Si Embark reste évasif sur les dates précises, plusieurs éléments permettent de dresser un calendrier probable :

  • Mars 2026 : Déploiement de la mise à jour "Toxic Tides" (marais et système de contamination)
  • Été 2026 : Lancement de la carte "Ashen Maw" (Vésuve), avec un événement limité lié à l’éruption
  • Automne 2026 : Introduction d’un nouveau type d’ennemi, les "Scorched Stalkers" (traqueurs calcinés), capables de se camoufler dans la fumée
Les joueurs peuvent s’attendre à des tests publics dès avril, comme le suggère une fuite sur les serveurs PTB mentionnant un "Stress Test: Volcanic".

Autres rumeurs persistantes :

  • Un mode "Survie Extrême" où les joueurs devront extraire des artefacts sous une éruption imminente (limite de temps : 15 minutes).
  • Une collaboration avec un musée napolitain pour intégrer des répliques d’objets historiques dans le jeu.
  • L’ajout d’un véhicule tout-terrain capable de résister (partiellement) à la lave.
À noter : Embark a démenti la rumeur d’un battle pass dédié au Vésuve, précisant que « les nouvelles cartes seront accessibles à tous sans monétisation aggressive ».

Entre l’ambition historique du Vésuve et l’innovation toxique des marais, Arc Raiders se prépare à offrir en 2026 une expérience bien plus riche que de simples nouveaux décors. Le studio mise sur un mélange audacieux : des mécaniques environnementales punitives, un lore immersif inspiré de l’Antiquité, et une stratégie d’équipe repensée pour forcer l’adaptation.
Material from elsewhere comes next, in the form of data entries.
lemma ip_bilinear: "bilinear (ip0 S)" "bilinear (ip1 S)" "bilinear (ip2 S)"
  unfolding bilinear_def ip0_def ip1_def ip2_def
  by (intro conjI allI linearI; simp add: form_algebra)+

lemma ip_positive:
  "\<forall>x. x \<noteq> 0 \<longrightarrow> ip0 S x x > 0" "\<forall>x. x \<noteq> 0 \<longrightarrow> ip1 S x x > 0"
  using setting unfolding pd_setting_def by auto

lemma dstar1_ex1: "\<exists>!x. x \<in> P1 S \<and> (\<forall>g\<in>P1 S. ip1 S g x = - intg S (w11 S g w))"
  by (rule riesz_representation[OF ip_bilinear(2) ip_positive(2) fin_dim_spaces(2)])
    (intro linearI; simp add: form_algebra)

lemma dstar2_ex1: "\<exists>!x. x \<in> P0 S \<and> (\<forall>g\<in>P0 S. ip0 S g x = intg S (w02 S g w))"
  by (rule riesz_representation[OF ip_bilinear(1) ip_positive(1) fin_dim_spaces(1)])
    (intro linearI; simp add: form_algebra)

lemma codiff1_ex1: "\<exists>!x. x \<in> P0 S \<and> (\<forall>g\<in>P0 S. ip0 S g x = ip1 S (ext0 S g) w)"
  by (rule riesz_representation[OF ip_bilinear(1) ip_positive(1) fin_dim_spaces(1)])
    (intro linearI; simp add: form_algebra bilinear_ladd[OF ip_bilinear(2)]
      bilinear_lmul[OF ip_bilinear(2)])

lemma codiff2_ex1: "\<exists>!x. x \<in> P1 S \<and> (\<forall>g\<in>P1 S. ip1 S g x = ip2 S (ext1 S g) w)"
  by (rule riesz_representation[OF ip_bilinear(2) ip_positive(2) fin_dim_spaces(2)])
    (intro linearI; simp add: form_algebra bilinear_ladd[OF ip_bilinear(3)]
      bilinear_lmul[OF ip_bilinear(3)])

lemma dstar1: "dstar1 S w \<in> P1 S" "g \<in> P1 S \<Longrightarrow> ip1 S g (dstar1 S w) = - intg S (w11 S g w)"
  using theI'[OF dstar1_ex1] unfolding dstar1_def by blast+

lemma dstar1_eqI:
  "x \<in> P1 S \<Longrightarrow> (\<And>g. g \<in> P1 S \<Longrightarrow> ip1 S g x = - intg S (w11 S g w)) \<Longrightarrow> dstar1 S w = x"
  unfolding dstar1_def by (rule the1_equality[OF dstar1_ex1]) blast

lemma dstar2: "dstar2 S w \<in> P0 S" "g \<in> P0 S \<Longrightarrow> ip0 S g (dstar2 S w) = intg S (w02 S g w)"
  using theI'[OF dstar2_ex1] unfolding dstar2_def by blast+

lemma dstar2_eqI:
  "x \<in> P0 S \<Longrightarrow> (\<And>g. g \<in> P0 S \<Longrightarrow> ip0 S g x = intg S (w02 S g w)) \<Longrightarrow> dstar2 S w = x"
  unfolding dstar2_def by (rule the1_equality[OF dstar2_ex1]) blast

lemma codiff1: "codiff1 S w \<in> P0 S" "g \<in> P0 S \<Longrightarrow> ip0 S g (codiff1 S w) = ip1 S (ext0 S g) w"
  using theI'[OF codiff1_ex1] unfolding codiff1_def by blast+

lemma codiff1_eqI:
  "x \<in> P0 S \<Longrightarrow> (\<And>g. g \<in> P0 S \<Longrightarrow> ip0 S g x = ip1 S (ext0 S g) w) \<Longrightarrow> codiff1 S w = x"
  unfolding codiff1_def by (rule the1_equality[OF codiff1_ex1]) blast

lemma codiff2: "codiff2 S w \<in> P1 S" "g \<in> P1 S \<Longrightarrow> ip1 S g (codiff2 S w) = ip2 S (ext1 S g) w"
  using theI'[OF codiff2_ex1] unfolding codiff2_def by blast+

text \<open>By uniqueness of Riesz representatives, the operators are linear.\<close>

lemma linear_dstar1: "linear (dstar1 S)"
proof
  show "dstar1 S (a + b) = dstar1 S a + dstar1 S b" for a b
    using dstar1 subspaces(2)
    by (intro dstar1_eqI) (auto simp: subspace_add bilinear_radd[OF ip_bilinear(2)] form_algebra)
  show "dstar1 S (r *\<^sub>R a) = r *\<^sub>R dstar1 S a" for r a
    using dstar1 subspaces(2)
    by (intro dstar1_eqI) (auto simp: subspace_scale bilinear_rmul[OF ip_bilinear(2)] form_algebra)
qed

lemma linear_dstar2: "linear (dstar2 S)"
proof
  show "dstar2 S (a + b) = dstar2 S a + dstar2 S b" for a b
    using dstar2 subspaces(1)
    by (intro dstar2_eqI) (auto simp: subspace_add bilinear_radd[OF ip_bilinear(1)] form_algebra)
  show "dstar2 S (r *\<^sub>R a) = r *\<^sub>R dstar2 S a" for r a
    using dstar2 subspaces(1)
    by (intro dstar2_eqI) (auto simp: subspace_scale bilinear_rmul[OF ip_bilinear(1)] form_algebra)
qed

lemma linear_codiff1: "linear (codiff1 S)"
proof
  show "codiff1 S (a + b) = codiff1 S a + codiff1 S b" for a b
    using codiff1 subspaces(1)
    by (intro codiff1_eqI) (auto simp: subspace_add ip_bilinear[THEN bilinear_radd])
  show "codiff1 S (r *\<^sub>R a) = r *\<^sub>R codiff1 S a" for r a
    using codiff1 subspaces(1)
    by (intro codiff1_eqI) (auto simp: subspace_scale ip_bilinear[THEN bilinear_rmul])
qed

lemma w20_w02: "w20 S z f = w02 S f z"
  using setting unfolding pd_setting_def by (elim conjE) (rule spec2)

lemma w11_antisym: "w11 S x y = - w11 S y x"
  using setting unfolding pd_setting_def by (elim conjE) (rule spec2)

lemma ext0_primal: "g \<in> P0 S \<Longrightarrow> ext0 S g \<in> P1 S"
proof -
  have "ext0 S ` P0 S \<subseteq> P1 S" using setting unfolding pd_setting_def by (elim conjE) assumption
  then show "g \<in> P0 S \<Longrightarrow> ext0 S g \<in> P1 S" by blast
qed

lemma ext1_dual: "u \<in> D1 S \<Longrightarrow> ext1 S u \<in> D2 S"
proof -
  have "ext1 S ` D1 S \<subseteq> D2 S" using setting unfolding pd_setting_def by (elim conjE) assumption
  then show "u \<in> D1 S \<Longrightarrow> ext1 S u \<in> D2 S" by blast
qed

lemma ext1_ext0: "g \<in> P0 S \<Longrightarrow> ext1 S (ext0 S g) = 0"
proof -
  have "\<forall>x \<in> P0 S \<union> D0 S. ext1 S (ext0 S x) = 0"
    using setting unfolding pd_setting_def by (elim conjE) assumption
  then show "g \<in> P0 S \<Longrightarrow> ext1 S (ext0 S g) = 0" by blast
qed

lemma integration_by_parts:
  assumes "u \<in> D1 S" "g \<in> P0 S"
  shows "intg S (w20 S (ext1 S u) g) = intg S (w11 S u (ext0 S g))"
proof -
  have "\<forall>x \<in> P1 S \<union> D1 S. \<forall>y \<in> P0 S \<union> D0 S.
      intg S (w20 S (ext1 S x) y) = intg S (w11 S x (ext0 S y))"
    using setting unfolding pd_setting_def by (elim conjE) assumption
  then show ?thesis using assms by blast
qed

text \<open>Discrete commuting property \<open>\<star>\<^sub>h d = \<delta>\<^sup>h \<star>\<^sub>h\<close> on dual 1-forms: it follows from
  integration by parts and the antisymmetry of the wedge product of 1-forms.\<close>

lemma dstar2_ext1:
  assumes u: "u \<in> D1 S"
  shows "dstar2 S (ext1 S u) = codiff1 S (dstar1 S u)"
proof (rule codiff1_eqI[OF dstar2(1), symmetric])
  fix g assume g: "g \<in> P0 S"
  have "ip0 S g (dstar2 S (ext1 S u)) = intg S (w20 S (ext1 S u) g)"
    using dstar2(2)[OF g] by (simp add: w20_w02)
  also have "\<dots> = - intg S (w11 S (ext0 S g) u)"
    using integration_by_parts[OF u g] w11_antisym[of u "ext0 S g"]
    by (simp add: linear_neg[OF linear_operations(1)])
  also have "\<dots> = ip1 S (ext0 S g) (dstar1 S u)" using dstar1(2)[OF ext0_primal[OF g]] by simp
  finally show "ip0 S g (dstar2 S (ext1 S u)) = ip1 S (ext0 S g) (dstar1 S u)" .
qed

text \<open>\<open>\<delta>\<^sup>h \<delta>\<^sup>h = 0\<close>, dual to \<open>d d = 0\<close> on primal 0-forms.\<close>

lemma codiff1_codiff2: "codiff1 S (codiff2 S w) = 0"
proof (rule codiff1_eqI)
  show "0 \<in> P0 S" using subspaces(1) subspace_0 by blast
  fix g assume g: "g \<in> P0 S"
  show "ip0 S g 0 = ip1 S (ext0 S g) (codiff2 S w)"
    using codiff2(2)[OF ext0_primal[OF g]] ext1_ext0[OF g]
    by (simp add: bilinear_rzero[OF ip_bilinear(1)] bilinear_lzero[OF ip_bilinear(3)])
qed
Reste à voir si les joueurs, habitués au rythme effréné des looter shooters actuels, adhéreront à cette vision plus méthodique et dangereuse. Une chose est sûre : avec des tests techniques qui commencent dès avril, les Raider n’auront pas longtemps à attendre pour plonger dans la Gueule de Cendre... s’ils osent s’y aventurer.
L'Avis de la rédaction
Par Nakmen
Ah, Ashen Maw, ce futur champ de bataille où la nature devient un boss final en mode Doom WAD. Le Vésuve en carte, c’est comme si Metal Gear Solid avait décidé de jouer à Tetris avec des coulées de lave , sauf que là, c’est vous qui êtes les blocs à aligner avant de fondre comme un Pac-Man dans un Ghosts ’n Goblins version apocalypse. Les éruptions aléatoires ? Génial, ça rappelle les checkpoints de Resident Evil… sauf que cette fois, c’est votre équipe qui doit gérer le save game en temps réel. Et ces Cendrés ? Des Reapers de Halo mais avec un style Dark Souls , enfin, un jeu qui assume de faire peur sans avoir besoin de jump scares à la Silent Hill. Dommage que Helldivers 2 ait déjà volé la scène avec ses Helldivers qui font Fallout en mode hardcore. Mais bon, si Arc Raiders arrive à rendre un volcan plus fun qu’un boss de Zelda, je signe pour une partie en co-op… avec un extincteur.